The BBC faced pressure Monday to take one of its most popular and long-running shows, “MasterChef”, off air following claims one of the programme’s presenters engaged in sexually harassing behaviour.
Presenter Gregg Wallace has denied making “inappropriate” sexual jokes and comments after more than a dozen people came forward last week with allegations spanning a 17-year period.
The furore is the latest scandal to hit the taxpayer-funded British broadcaster.
Another prime-time show, “Strictly Come Dancing”, was thrown into crisis this year amid bullying accusations.
And former top news anchor, Huw Edwards, pleaded guilty in July to making indecent pictures of children, narrowly avoiding jail in a stunning fall from grace.
The production company behind “MasterChef”, a decades-old show aired on the BBC whose branded format is now produced in more than 50 countries and shown in over 200 territories, has said it is probing the claims against Wallace.
It also announced that Wallace would stop presenting while it investigates, but that the current recorded season of “MasterChef: The Professionals” would continue to air.
The allegations against Wallace emerged from a BBC News investigation which also reported the broadcaster had warned the presenter after a complaint was made in 2018.
Wallace sparked a further backlash over the new claims when he said Sunday that they had been made by “a handful of middle-class women of a certain age”.
One of his accusers said the comments showed he “clearly hasn’t learnt his lesson”.
On Monday Labour MP Rupa Huq, a member of parliament’s watchdog Culture, Media and Sport Committee, said the broadcaster should consider stop airing the current season as well as upcoming Christmas episodes.
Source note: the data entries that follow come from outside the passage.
lemma card_syl_ker_if_odd:
  assumes h0: "h0 \<in> H" "\<not> evenperm (syl_perm h0)"
  shows "card syl_ker = 60"
proof -
  define Ev where "Ev = {h \<in> H. evenperm (syl_perm h)}"
  define Od where "Od = {h \<in> H. \<not> evenperm (syl_perm h)}"
  have "Od = (\<lambda>h. h0 \<otimes> h) ` Ev"
  proof
    show "Od \<subseteq> (\<lambda>h. h0 \<otimes> h) ` Ev"
    proof
      fix x assume "x \<in> Od"
      then have "inv h0 \<otimes> x \<in> Ev" "x = h0 \<otimes> (inv h0 \<otimes> x)"
        using h0 evenperm_syl_perm_mult[of "inv h0" x] evenperm_syl_perm_inv[of h0]
        unfolding Ev_def Od_def by auto
      then show "x \<in> (\<lambda>h. h0 \<otimes> h) ` Ev" by blast
    qed
    show "(\<lambda>h. h0 \<otimes> h) ` Ev \<subseteq> Od"
      using h0 evenperm_syl_perm_mult[of h0] unfolding Ev_def Od_def by auto
  qed
  moreover have "inj_on (\<lambda>h. h0 \<otimes> h) Ev" using h0 unfolding Ev_def by (auto intro!: inj_onI)
  ultimately have "card Od = card Ev" by (simp add: card_image)
  moreover have "card H = card Ev + card Od"
  proof -
    have "H = Ev \<union> Od" "Ev \<inter> Od = {}" unfolding Ev_def Od_def by auto
    moreover have "finite Ev" "finite Od" using finite_H unfolding Ev_def Od_def by auto
    ultimately show ?thesis using card_Un_disjoint by metis
  qed
  ultimately show ?thesis using card_even_syl_perm card_H unfolding Ev_def by simp
qed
“I think possibly there is an argument for pausing while this investigation takes its course,” Huq told BBC radio, adding the broadcaster “should send a strong signal [about] this sort of behaviour”.
“Apparently this is not the first time, there were warnings before,” she noted.
“So it does raise the question that when these BBC investigations have happened, what was the consequence?
“Were they taking the conclusions seriously, [or] did they have their fingers in their ears?”
Wallace’s lawyers have said “it is entirely false that he engages in behaviour of a sexually harassing nature”.
A BBC spokesperson said it had “robust processes” to deal with complaints “swiftly and appropriately” and added it “will always listen if people want to make us aware of something directly”.